▶
lemma prob_honest:
  assumes "1 \<le> j"
  shows "prob {\<omega> \<in> space M. honest j \<omega>} = \<rho> * exp (- lam * \<Delta>)"
proof -
  let ?SX = "{\<omega> \<in> space M. \<Delta> < X j \<omega>}" and ?SB = "{\<omega> \<in> space M. B j \<omega>}"
  have "?SX = X j -` {\<Delta><..} \<inter> space M" "?SB = B j -` {True} \<inter> space M" by auto
  then have SX: "?SX \<in> sets (vimage_algebra (space M) (X j) borel)"
    and SB: "?SB \<in> sets (vimage_algebra (space M) (B j) (count_space UNIV))"
    by (simp_all add: in_vimage_algebra)
  have "prob {\<omega> \<in> space M. honest j \<omega>} = prob (?SX \<inter> ?SB)"
    using AE_honest_iff assms honest_measurable[OF assms] X_measurable[OF assms] B_measurable[OF assms]
    by (intro measure_eq_AE) (auto elim!: eventually_mono)
  also have "?SX \<inter> ?SB = (\<Inter>i\<in>{Inl j, Inr j}. if i = Inl j then ?SX else ?SB)" by auto
  also have "prob \<dots> = prob ?SX * prob ?SB"
    using SX SB assms by (subst indep_setsD[OF indep_X_B]) auto
  also have "prob ?SX = exp (- \<Delta> * lam)"
    by (rule exponential_distributedD_gt[OF X_exponential[OF assms] Delta_nonneg lam_pos])
  finally show ?thesis using prob_B[OF assms] by (simp add: mult.commute)
qed

lemma AE_honest_blocks:
  "AE \<omega> in M. \<forall>(Hon :: 'n set) miner parent ht rcv.
      valid_execution (mine_time (\<lambda>k. X k \<omega>)) (\<lambda>k. B k \<omega>) \<Delta> Hon miner parent ht rcv \<longrightarrow>
      (let t = mine_time (\<lambda>k. X k \<omega>); H = relabeled_honest t (\<lambda>k. B k \<omega>) \<Delta> in
        (\<forall>i j. 1 \<le> i \<longrightarrow> i < j \<longrightarrow> H i \<longrightarrow> H j \<longrightarrow> (\<forall>n\<in>Hon. rcv n i < ereal (t j)))
      \<and> (\<forall>i j. 1 \<le> i \<longrightarrow> 1 \<le> j \<longrightarrow> i \<noteq> j \<longrightarrow> H i \<longrightarrow> H j \<longrightarrow> ht i \<noteq> ht j)
      \<and> (\<forall>\<tau> i j. 1 \<le> i \<longrightarrow> 1 \<le> j \<longrightarrow> H i \<longrightarrow> H j \<longrightarrow> t i \<le> \<tau> \<longrightarrow> \<tau> < t j
             \<longrightarrow> ht i < ht j))"
  using AE_interarrival_regular
proof eventually_elim
  case (elim \<omega>)
  then show ?case by (intro allI impI valid_execution_honest_blocks) simp_all
qed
◀
Work required ▸ Your answer must be the lines from the one holding "i \<noteq> ht j)" to the end of the listing above, exactly as written and nothing else.

Solution ▸
      \<and> (\<forall>i j. 1 \<le> i \<longrightarrow> 1 \<le> j \<longrightarrow> i \<noteq> j \<longrightarrow> H i \<longrightarrow> H j \<longrightarrow> ht i \<noteq> ht j)
      \<and> (\<forall>\<tau> i j. 1 \<le> i \<longrightarrow> 1 \<le> j \<longrightarrow> H i \<longrightarrow> H j \<longrightarrow> t i \<le> \<tau> \<longrightarrow> \<tau> < t j
             \<longrightarrow> ht i < ht j))"
  using AE_interarrival_regular
proof eventually_elim
  case (elim \<omega>)
  then show ?case by (intro allI impI valid_execution_honest_blocks) simp_all
qed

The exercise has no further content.